** Opening SUPPLIED RECORDS block **
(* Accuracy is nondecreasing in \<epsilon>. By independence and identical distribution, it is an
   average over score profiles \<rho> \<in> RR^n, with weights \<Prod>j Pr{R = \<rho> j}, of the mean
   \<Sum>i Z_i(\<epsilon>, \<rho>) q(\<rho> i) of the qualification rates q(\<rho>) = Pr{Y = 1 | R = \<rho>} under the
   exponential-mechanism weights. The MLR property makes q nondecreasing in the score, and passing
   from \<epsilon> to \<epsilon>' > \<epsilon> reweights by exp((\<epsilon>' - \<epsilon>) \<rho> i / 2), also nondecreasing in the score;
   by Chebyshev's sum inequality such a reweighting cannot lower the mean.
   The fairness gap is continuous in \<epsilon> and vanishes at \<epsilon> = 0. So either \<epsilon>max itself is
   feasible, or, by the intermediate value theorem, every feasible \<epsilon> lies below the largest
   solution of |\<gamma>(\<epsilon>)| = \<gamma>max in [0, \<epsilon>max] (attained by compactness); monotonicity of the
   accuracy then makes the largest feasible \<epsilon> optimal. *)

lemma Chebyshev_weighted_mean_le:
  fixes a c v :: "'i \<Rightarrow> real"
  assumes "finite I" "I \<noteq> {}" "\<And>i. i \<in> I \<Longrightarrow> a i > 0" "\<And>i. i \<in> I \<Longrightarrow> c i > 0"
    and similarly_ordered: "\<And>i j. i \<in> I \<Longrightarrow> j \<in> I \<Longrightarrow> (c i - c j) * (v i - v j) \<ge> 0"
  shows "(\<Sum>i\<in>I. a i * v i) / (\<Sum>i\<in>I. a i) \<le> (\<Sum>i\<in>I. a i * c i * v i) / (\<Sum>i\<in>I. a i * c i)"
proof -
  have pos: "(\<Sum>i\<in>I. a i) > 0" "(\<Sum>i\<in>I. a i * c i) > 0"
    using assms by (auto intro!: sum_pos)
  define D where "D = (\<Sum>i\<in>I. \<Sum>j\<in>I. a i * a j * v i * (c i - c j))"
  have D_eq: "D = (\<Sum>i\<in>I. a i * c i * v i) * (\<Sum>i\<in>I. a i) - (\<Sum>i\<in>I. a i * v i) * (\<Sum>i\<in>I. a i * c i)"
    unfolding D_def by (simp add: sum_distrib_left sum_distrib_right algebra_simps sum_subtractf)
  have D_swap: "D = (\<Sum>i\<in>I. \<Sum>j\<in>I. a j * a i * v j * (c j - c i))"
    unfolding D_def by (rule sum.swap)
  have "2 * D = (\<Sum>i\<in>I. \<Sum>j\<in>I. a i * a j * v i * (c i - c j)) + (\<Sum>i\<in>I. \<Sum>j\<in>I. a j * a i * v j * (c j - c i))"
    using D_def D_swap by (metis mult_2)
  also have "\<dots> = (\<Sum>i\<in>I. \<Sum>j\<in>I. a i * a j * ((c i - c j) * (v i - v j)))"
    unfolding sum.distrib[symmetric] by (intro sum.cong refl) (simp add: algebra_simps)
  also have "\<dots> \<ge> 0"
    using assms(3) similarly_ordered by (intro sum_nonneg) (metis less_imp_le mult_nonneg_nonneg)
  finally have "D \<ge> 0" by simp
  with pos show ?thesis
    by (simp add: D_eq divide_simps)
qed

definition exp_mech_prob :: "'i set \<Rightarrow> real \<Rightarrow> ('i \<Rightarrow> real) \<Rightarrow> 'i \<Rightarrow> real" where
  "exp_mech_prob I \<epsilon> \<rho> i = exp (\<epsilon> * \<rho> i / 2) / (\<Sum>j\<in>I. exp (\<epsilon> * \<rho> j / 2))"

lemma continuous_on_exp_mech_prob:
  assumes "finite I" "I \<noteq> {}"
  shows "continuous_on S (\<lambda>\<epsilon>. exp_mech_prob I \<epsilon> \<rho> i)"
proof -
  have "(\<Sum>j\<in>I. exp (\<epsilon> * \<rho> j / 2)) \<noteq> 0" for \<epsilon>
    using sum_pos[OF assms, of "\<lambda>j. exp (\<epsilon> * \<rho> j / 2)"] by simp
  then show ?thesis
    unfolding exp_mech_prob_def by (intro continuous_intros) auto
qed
** Closing SUPPLIED RECORDS block **
- **WHAT IS BEING ASKED**
The answer consists of every line above in which the word "intro" occurs.

- **RESPONSE TO THIS TASK**
    using assms by (auto intro!: sum_pos)
    unfolding sum.distrib[symmetric] by (intro sum.cong refl) (simp add: algebra_simps)
    using assms(3) similarly_ordered by (intro sum_nonneg) (metis less_imp_le mult_nonneg_nonneg)
    unfolding exp_mech_prob_def by (intro continuous_intros) auto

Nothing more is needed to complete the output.